Exercise description — The word "shows" may appear in some lines of the data; copy every such line.

Saved data entries

• • • • •

lemma prv_Succ_Plus: "PA_prv (Eq (Plus (Succ s) t) (Succ (Plus s t)))"
proof -
  obtain z where z: "z \<notin> vars_tm s" using ex_fresh_var finite_vars_tm by blast
  let ?a = "Eq (Plus (Succ s) (Var z)) (Succ (Plus s (Var z)))"
  have "PA_prv ?a"
  proof (rule prv_induct[where z = z])
    show "PA_prv (subst z Zero ?a)"
      using z prv_eq_trans[OF prv_Plus_Zero prv_eq_sym[OF prv_Succ_cong[OF prv_Plus_Zero]]] by simp
    have "PA_prv (Imp ?a (Eq (Plus (Succ s) (Succ (Var z))) (Succ (Succ (Plus s (Var z))))))"
      using prv_eq_trans_under[OF prv_weaken[OF prv_Plus_Succ] prv_Succ_cong_under[OF prv_imp_refl]] .
    then show "PA_prv (Imp ?a (subst z (Succ (Var z)) ?a))"
      using z prv_eq_trans_under[OF _ prv_weaken[OF prv_eq_sym[OF prv_Succ_cong[OF prv_Plus_Succ]]]]
      by simp
  qed
  then show ?thesis using z prv_inst[of ?a z t] by simp
qed


section \<open>The order relation\<close>

text \<open>The order is expressed by its defining formula rather than by the primitive \<open>Less\<close>,
  which would need the axiom \<open>less_def\<close> at every use; \<open>k\<close> is the bound witness variable.\<close>

abbreviation Lt :: "nat \<Rightarrow> tm \<Rightarrow> tm \<Rightarrow> fm" where
  "Lt k s t \<equiv> Ex k (Eq (Plus s (Succ (Var k))) t)"

lemma holds_Lt:
  "k \<notin> vars_tm s \<Longrightarrow> k \<notin> vars_tm t \<Longrightarrow> holds e (Lt k s t) = (val e s < val e t)"
  by (simp add: less_iff_Suc_add) (metis add_Suc_right)

definition Falsity :: fm where
  "Falsity = Neg (Eq Zero Zero)"

lemma fv_Falsity [simp]: "fv Falsity = {}"
  by (simp add: Falsity_def)

lemma prv_Neg_of_imp_Falsity: "PA_prv (Imp a Falsity) \<Longrightarrow> PA_prv (Neg a)"
  using ax_refl[of Zero] by (rule prv_taut_mp2[rotated]) (auto simp: tautology_def Falsity_def)

lemma prv_imp_Falsity_of_Neg: "PA_prv (Neg a) \<Longrightarrow> PA_prv (Imp a Falsity)"
  by (rule prv_taut_mp1[of "Neg a"]) (auto simp: tautology_def Falsity_def)

lemma prv_Plus_eq_num_cases_step:
  assumes z: "z \<notin> vars_tm t" "z \<notin> fv b"
    and zero: "PA_prv (Imp (Eq t (num n)) b)"
    and succ: "\<And>y. y \<notin> vars_tm t \<Longrightarrow> y \<notin> fv b \<Longrightarrow>
                 PA_prv (Imp (Eq (Succ (Plus t (Var y))) (num n)) b)"
  shows "PA_prv (Imp (Eq (Plus t (Var z)) (num n)) b)"
proof -
  have "finite (vars_tm t \<union> fv b \<union> {z})" by simp
  from ex_fresh_var[OF this] obtain y where y: "y \<notin> vars_tm t \<union> fv b \<union> {z}" ..
  let ?e = "Eq (Plus t (Var z)) (num n)"
  show ?thesis
  proof (rule prv_cases_Zero_Succ[of y z])
    show "y \<noteq> z" "y \<notin> fv (Imp ?e b)" using y by auto
    let ?h = "Conj (Eq (Var z) Zero) ?e"
    have "PA_prv (Imp ?h (Eq (Plus t (Var z)) (Plus t Zero)))"
      using prv_weaken[OF ax_refl] prv_conj_fst by (rule prv_Plus_cong_under)
    then have "PA_prv (Imp ?h (Eq (Plus t (Var z)) t))"
      using prv_weaken[OF prv_Plus_Zero] by (rule prv_eq_trans_under)
    then have "PA_prv (Imp ?h (Eq t (num n)))"
      by (rule prv_eq_trans_under[OF prv_eq_sym_under prv_conj_snd])
    then show "PA_prv (Imp (Eq (Var z) Zero) (Imp ?e b))"
      by (rule prv_curry[OF prv_imp_trans[OF _ zero]])
  next
    let ?h = "Conj (Eq (Var z) (Succ (Var y))) ?e"
    have "PA_prv (Imp ?h (Eq (Plus t (Var z)) (Plus t (Succ (Var y)))))"
      using prv_weaken[OF ax_refl] prv_conj_fst by (rule prv_Plus_cong_under)
    then have "PA_prv (Imp ?h (Eq (Plus t (Var z)) (Succ (Plus t (Var y)))))"
      using prv_weaken[OF prv_Plus_Succ] by (rule prv_eq_trans_under)
    then have "PA_prv (Imp ?h (Eq (Succ (Plus t (Var y))) (num n)))"
      by (rule prv_eq_trans_under[OF prv_eq_sym_under prv_conj_snd])
    moreover have "PA_prv (Imp (Eq (Succ (Plus t (Var y))) (num n)) b)"
      using y by (intro succ) auto
    ultimately show "PA_prv (Imp (Eq (Var z) (Succ (Var y))) (Imp ?e b))"
      by (rule prv_curry[OF prv_imp_trans])
  qed
qed

lemma prv_Plus_eq_num_cases:
  "z \<notin> vars_tm t \<Longrightarrow> z \<notin> fv b \<Longrightarrow> (\<And>j. j \<le> n \<Longrightarrow> PA_prv (Imp (Eq t (num j)) b)) \<Longrightarrow>
   PA_prv (Imp (Eq (Plus t (Var z)) (num n)) b)"
proof (induct n arbitrary: z)
  case 0
  show ?case
  proof (rule prv_Plus_eq_num_cases_step)
    show "PA_prv (Imp (Eq t (num 0)) b)" using 0 by simp
    show "PA_prv (Imp (Eq (Succ (Plus t (Var y))) (num 0)) b)" for y
      using prv_neg_imp[OF prv_Succ_ne_Zero] by simp
  qed (fact 0)+
next
  case (Suc n)
  show ?case
  proof (rule prv_Plus_eq_num_cases_step)
    show "PA_prv (Imp (Eq t (num (Suc n))) b)" using Suc.prems(3)[of "Suc n"] by simp
    show "PA_prv (Imp (Eq (Succ (Plus t (Var y))) (num (Suc n))) b)"
      if "y \<notin> vars_tm t" "y \<notin> fv b" for y
    proof -
      have "PA_prv (Imp (Eq (Plus t (Var y)) (num n)) b)"
        using that Suc.prems(3) by (rule Suc.hyps) simp
      then show ?thesis using prv_imp_trans[OF prv_Succ_inj] by simp
    qed
  qed (fact Suc.prems)+
qed

lemma prv_Lt_num_cases:
  assumes k: "k \<notin> vars_tm t" "k \<notin> fv b"
    and cases: "\<And>j. j < n \<Longrightarrow> PA_prv (Imp (Eq t (num j)) b)"
  shows "PA_prv (Imp (Lt k t (num n)) b)"
proof (rule prv_ex_elim[OF _ k(2)])
  let ?h = "Eq (Plus t (Succ (Var k))) (num n)"
  have h: "PA_prv (Imp ?h (Eq (Succ (Plus t (Var k))) (num n)))"
    by (rule prv_eq_trans_under[OF prv_eq_sym_under[OF prv_weaken[OF prv_Plus_Succ]] prv_imp_refl])
  show "PA_prv (Imp ?h b)"
  proof (cases n)
    case 0
    then have "PA_prv (Imp (Eq (Succ (Plus t (Var k))) (num n)) b)"
      using prv_neg_imp[OF prv_Succ_ne_Zero] by simp
    then show ?thesis by (rule prv_imp_trans[OF h])
  next
    case (Suc m)
    then have "PA_prv (Imp (Eq (Succ (Plus t (Var k))) (num n)) (Eq (Plus t (Var k)) (num m)))"
      using prv_Succ_inj by simp
    with h have "PA_prv (Imp ?h (Eq (Plus t (Var k)) (num m)))" by (rule prv_imp_trans)
    moreover have "PA_prv (Imp (Eq (Plus t (Var k)) (num m)) b)"
      by (rule prv_Plus_eq_num_cases[OF k]) (simp add: cases Suc)
    ultimately show ?thesis by (rule prv_imp_trans)
  qed
qed

lemma prv_Lt_num: "m < n \<Longrightarrow> PA_prv (Lt k (num m) (num n))"
proof -
  assume "m < n"
  then have n: "n = m + Suc (n - m - 1)" by simp
  have "PA_prv (subst k (num (n - m - 1)) (Eq (Plus (num m) (Succ (Var k))) (num n)))"
    using prv_num_Plus[of m "Suc (n - m - 1)"] n by simp
  then show ?thesis by (rule mp[OF prv_ex_intro, rotated]) simp
qed

lemma prv_neg_Lt_num: "n \<le> m \<Longrightarrow> PA_prv (Neg (Lt k (num m) (num n)))"
proof -
  assume "n \<le> m"
  then have "PA_prv (Imp (Eq (num m) (num j)) Falsity)" if "j < n" for j
    using that by (intro prv_imp_Falsity_of_Neg prv_num_neq) simp
  then have "PA_prv (Imp (Lt k (num m) (num n)) Falsity)"
    by (intro prv_Lt_num_cases) simp_all
  then show ?thesis by (rule prv_Neg_of_imp_Falsity)
qed

lemma prv_Lt_cong:
  assumes "PA_prv (Eq s s')" "PA_prv (Eq t t')"
    and "k \<notin> vars_tm s" "k \<notin> vars_tm t" "k \<notin> vars_tm s'" "k \<notin> vars_tm t'"
  shows "PA_prv (Imp (Lt k s' t') (Lt k s t))"
proof (rule prv_ex_elim)
  let ?h = "Eq (Plus s' (Succ (Var k))) t'"
  have "PA_prv (Imp ?h (Eq (Plus s (Succ (Var k))) (Plus s' (Succ (Var k)))))"
    by (rule prv_Plus_cong_under; rule prv_weaken) (use assms(1) ax_refl in auto)
  then have "PA_prv (Imp ?h (Eq (Plus s (Succ (Var k))) t))"
    by (rule prv_eq_trans_under[OF prv_eq_trans_under[OF _ prv_imp_refl]
                                   prv_weaken[OF prv_eq_sym[OF assms(2)]]])
  then show "PA_prv (Imp ?h (Lt k s t))"
    using prv_ex_intro_under[of k "Var k" "Eq (Plus s (Succ (Var k))) t" ?h] by simp
  show "k \<notin> fv (Lt k s t)" by simp
qed

lemma prv_Lt_num_Succ_of_Lt:
  assumes "k \<notin> vars_tm s"
  shows "PA_prv (Imp (Lt k s (num K)) (Lt k s (num (Suc K))))"
proof (rule prv_ex_elim)
  let ?h = "Eq (Plus s (Succ (Var k))) (num K)"
  have "PA_prv (Imp ?h (Eq (Plus s (Succ (Succ (Var k)))) (Succ (num K))))"
    by (rule prv_eq_trans_under[OF prv_weaken[OF prv_Plus_Succ] prv_Succ_cong_under[OF prv_imp_refl]])
  then show "PA_prv (Imp ?h (Lt k s (num (Suc K))))"
    by (intro prv_ex_intro_under[where u = "Succ (Var k)"]) (use assms in simp_all)
qed simp

lemma prv_Lt_num_Succ_of_eq:
  assumes "k \<notin> vars_tm s"
  shows "PA_prv (Imp (Eq s (num K)) (Lt k s (num (Suc K))))"
proof -
  have "PA_prv (Eq (Plus s (Succ Zero)) (Succ s))"
    using prv_eq_trans[OF prv_Plus_Succ prv_Succ_cong[OF prv_Plus_Zero]] .
  then have "PA_prv (Imp (Eq s (num K)) (Eq (Plus s (Succ Zero)) (Succ (num K))))"
    by (rule prv_eq_trans_under[OF prv_weaken prv_Succ_cong_under[OF prv_imp_refl]])
  then show ?thesis
    by (intro prv_ex_intro_under[where u = Zero]) (use assms in simp_all)
qed
(* Let $m, r$ be positive integers with $r$ even and $m \geq 4$. Then the complete graph $K_4$ is (isomorphic to) a subgraph of $G(\mathbb{Z}^m, \sqrt{r})$.
   Context: For $X \subseteq \mathbb{R}^m$ and $d>0$, $G(X,d)$ denotes the Euclidean distance graph with vertex set $X$ in which two vertices are adjacent if and only if their Euclidean distance is exactly $d$. *)

theory Defs
  imports "HOL-Analysis.Analysis"
begin

text \<open>The integer lattice Z^m inside R^m, where R^m is modelled as real^'n with m = CARD('n).\<close>
definition int_lattice :: "(real^'n) set" where
  "int_lattice = {x. \<forall>i. x $ i \<in> \<int>}"

definition dist_graph_adj :: "(real^'n) set \<Rightarrow> real \<Rightarrow> real^'n \<Rightarrow> real^'n \<Rightarrow> bool" where
  "dist_graph_adj X d x y \<longleftrightarrow> x \<in> X \<and> y \<in> X \<and> dist x y = d"

definition contains_complete_subgraph :: "nat \<Rightarrow> (real^'n) set \<Rightarrow> real \<Rightarrow> bool" where
  "contains_complete_subgraph k X d \<longleftrightarrow>
     (\<exists>f :: nat \<Rightarrow> real^'n. inj_on f {..<k} \<and> (\<forall>i<k. f i \<in> X) \<and>
        (\<forall>i<k. \<forall>j<k. i \<noteq> j \<longrightarrow> dist_graph_adj X d (f i) (f j)))"

end

theory Submission
  imports Defs "HOL-Computational_Algebra.Primes"
begin

text \<open>Write \<open>r = 2 s\<close> and, by Lagrange's four-square theorem, \<open>s = a\<^sup>2 + b\<^sup>2 + c\<^sup>2 + d\<^sup>2\<close>,
  the squared norm of the quaternion \<open>q = a + b i + c j + d k\<close>. The points \<open>0, 1 + i, 1 + j, 1 + k\<close>
  of \<open>\<int>\<^sup>4\<close> are pairwise at distance \<open>\<surd>2\<close>; right multiplication by \<open>q\<close> maps \<open>\<int>\<^sup>4\<close> into
  itself and scales distances by \<open>\<surd>s\<close>, so it yields four lattice points at pairwise distance
  \<open>\<surd>r\<close>, which embed in \<open>\<int>\<^sup>m\<close> via any four coordinates.

  Lagrange's theorem is proved by Euler's descent: every prime \<open>p\<close> divides some \<open>x\<^sup>2 + y\<^sup>2 + 1\<close>,
  and if \<open>m p\<close> with \<open>1 < m < p\<close> is a sum of four squares, reducing the four numbers to absolutely
  least residues modulo \<open>m\<close> and applying Euler's four-square identity exhibits a smaller such multiple.\<close>

definition sum_of_four_squares :: "int \<Rightarrow> bool" where
  "sum_of_four_squares n \<longleftrightarrow> (\<exists>a b c d. n = a^2 + b^2 + c^2 + d^2)"
(* The height function of a shrub is determined by its fraction: if $P$ and $P'$ are shrubs on the same finite set $I$ with $f_P=f_{P'}$, then $h_P=h_{P'}$.
   Context: A shrub $P$ on a finite set $I$ is a set $E$ of edges (unordered pairs of distinct elements of $I$) with a height function $h_P:I\to\mathbb{N}$; $j$ covers $i$ if $\{i,j\}\in E$ and $h_P(j)=h_P(i)+1$. Axioms: (1) edges join vertices whose heights differ by $1$; (2) every vertex of positive height covers some vertex; (3) no four distinct $a,b,c,d$ with $a$ covering $b$ and $c$, $c$ covering $d$, $\{b,d\}\notin E$; (4) no five distinct $a,b,c,d,e$ with $a$ covering $c,d$, $b$ covering $d,e$, $\{a,e\}\notin E$, $\{b,c\}\notin E$. A vertex is ramified if it covers at least two distinct vertices; two ramified vertices are equivalent if they cover the same set of vertices; $\operatorname{Ram}(P)$ is the set of equivalence classes, and for $r\in\operatorname{Ram}(P)$, $r^-$ is the common set of vertices covered by elements of $r$. For $S\subseteq I$, $\langle S\rangle_P$ is the set of $j\in I$ such that every descending path from $j$ (each vertex covering the next) to a vertex of height $0$ meets $S$. $P\setminus\langle r\rangle_P$ is the restriction of $P$ to $I\setminus\langle r\rangle_P$. With $u[S]=\sum_{k\in S}u_k$, $$f_P=\frac{1}{\prod_{i\in I}u[\langle\{i\}\rangle_P]}\prod_{r\in\operatorname{Ram}(P)}\frac{u[\langle r^-\rangle_{P\setminus\langle r\rangle_P}]}{u[\langle r^-\rangle_P]}\in\mathbb{Q}(u_i:i\in I).$$ *)

theory Defs
  imports Complex_Main
begin

definition covers :: "'a set set \<Rightarrow> ('a \<Rightarrow> nat) \<Rightarrow> 'a \<Rightarrow> 'a \<Rightarrow> bool" where
  "covers E h j i \<longleftrightarrow> {i, j} \<in> E \<and> h j = Suc (h i)"

definition is_shrub :: "'a set \<Rightarrow> 'a set set \<Rightarrow> ('a \<Rightarrow> nat) \<Rightarrow> bool" where
  "is_shrub I E h \<longleftrightarrow>
     finite I \<and>
     (\<forall>e\<in>E. \<exists>i j. e = {i, j} \<and> i \<noteq> j \<and> i \<in> I \<and> j \<in> I) \<and>
     \<comment> \<open>(1) edges join vertices whose heights differ by 1\<close>
     (\<forall>i j. {i, j} \<in> E \<longrightarrow> h i = Suc (h j) \<or> h j = Suc (h i)) \<and>
     \<comment> \<open>(2) every vertex of positive height covers some vertex\<close>
     (\<forall>j\<in>I. 0 < h j \<longrightarrow> (\<exists>i. covers E h j i)) \<and>
     \<comment> \<open>(3)\<close>
     \<not> (\<exists>a b c d. distinct [a, b, c, d] \<and> covers E h a b \<and> covers E h a c \<and>
            covers E h c d \<and> {b, d} \<notin> E) \<and>
     \<comment> \<open>(4)\<close>
     \<not> (\<exists>a b c d e. distinct [a, b, c, d, e] \<and> covers E h a c \<and> covers E h a d \<and>
            covers E h b d \<and> covers E h b e \<and> {a, e} \<notin> E \<and> {b, c} \<notin> E)"

definition dpath :: "'a set set \<Rightarrow> ('a \<Rightarrow> nat) \<Rightarrow> 'a list \<Rightarrow> bool" where
  "dpath E h xs \<longleftrightarrow> xs \<noteq> [] \<and>
     (\<forall>m. Suc m < length xs \<longrightarrow> covers E h (xs ! m) (xs ! Suc m)) \<and> h (last xs) = 0"

definition gen :: "'a set \<Rightarrow> 'a set set \<Rightarrow> ('a \<Rightarrow> nat) \<Rightarrow> 'a set \<Rightarrow> 'a set" where
  "gen I E h S = {j \<in> I. \<forall>xs. dpath E h xs \<and> hd xs = j \<longrightarrow> set xs \<inter> S \<noteq> {}}"

definition restr_edges :: "'a set set \<Rightarrow> 'a set \<Rightarrow> 'a set set" where
  "restr_edges E X = {e \<in> E. e \<inter> X = {}}"

definition ramified :: "'a set set \<Rightarrow> ('a \<Rightarrow> nat) \<Rightarrow> 'a \<Rightarrow> bool" where
  "ramified E h v \<longleftrightarrow> (\<exists>a b. a \<noteq> b \<and> covers E h v a \<and> covers E h v b)"

definition lower :: "'a set set \<Rightarrow> ('a \<Rightarrow> nat) \<Rightarrow> 'a \<Rightarrow> 'a set" where
  "lower E h v = {i. covers E h v i}"

text \<open>Ram(P) is indexed by the sets r^- (which determine the class r).\<close>
definition Ram_lows :: "'a set \<Rightarrow> 'a set set \<Rightarrow> ('a \<Rightarrow> nat) \<Rightarrow> 'a set set" where
  "Ram_lows I E h = {lower E h v | v. v \<in> I \<and> ramified E h v}"

definition ram_class :: "'a set \<Rightarrow> 'a set set \<Rightarrow> ('a \<Rightarrow> nat) \<Rightarrow> 'a set \<Rightarrow> 'a set" where
  "ram_class I E h R = {v \<in> I. ramified E h v \<and> lower E h v = R}"

definition usum :: "('a \<Rightarrow> real) \<Rightarrow> 'a set \<Rightarrow> real" where
  "usum u S = (\<Sum>k\<in>S. u k)"

text \<open>The rational function f_P, represented by its values at positive real points u.\<close>
definition fP :: "'a set \<Rightarrow> 'a set set \<Rightarrow> ('a \<Rightarrow> nat) \<Rightarrow> ('a \<Rightarrow> real) \<Rightarrow> real" where
  "fP I E h u =
     (1 / (\<Prod>i\<in>I. usum u (gen I E h {i}))) *
     (\<Prod>R\<in>Ram_lows I E h.
        (let X = gen I E h (ram_class I E h R) in
           usum u (gen (I - X) (restr_edges E X) h R) / usum u (gen I E h R)))"

end

theory Submission
  imports Defs
begin

text \<open>Fix j in I and evaluate f_P at the point u with u_j = t and u_k = 1 for k \<noteq> j. As t grows,
  u[S] is of order t if j is in S and of order 1 otherwise, so f_P(u) is of order t^(-d) with
  d = #{i. j in <i>} + #{r. j in <r^->} - #{r. j in <r^->_(P - <r>)}. Since
  <r^->_(P - <r>) = <r^-> - <r> and <r> is contained in <r^->, this is
  d = #{i. j in <i>} + #{r. j in <r>}. By axiom (3) every vertex below j at height m + 1 covers all
  vertices below j at height m. Hence each of the h(j) + 1 levels below j is either a single vertex i,
  which happens exactly when j is in <i>, or has at least two vertices and then equals r^- for the
  ramified class r formed by the level above, which happens exactly when j is in <r>. So d = h(j) + 1,
  and the order of growth of f_P in u_j determines h(j).\<close>

section \<open>Order of growth at infinity\<close>

definition has_degree :: "(real \<Rightarrow> real) \<Rightarrow> int \<Rightarrow> bool" where
  "has_degree F d \<longleftrightarrow> (\<exists>c>0. ((\<lambda>t. F t / t powi d) \<longlongrightarrow> c) at_top)"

• • • • •

Written reply —
  shows "PA_prv (Imp (Eq (Plus t (Var z)) (num n)) b)"
  shows "PA_prv (Imp (Lt k t (num n)) b)"
  shows "PA_prv (Imp (Lt k s' t') (Lt k s t))"
  shows "PA_prv (Imp (Lt k s (num K)) (Lt k s (num (Suc K))))"
  shows "PA_prv (Imp (Eq s (num K)) (Lt k s (num (Suc K))))"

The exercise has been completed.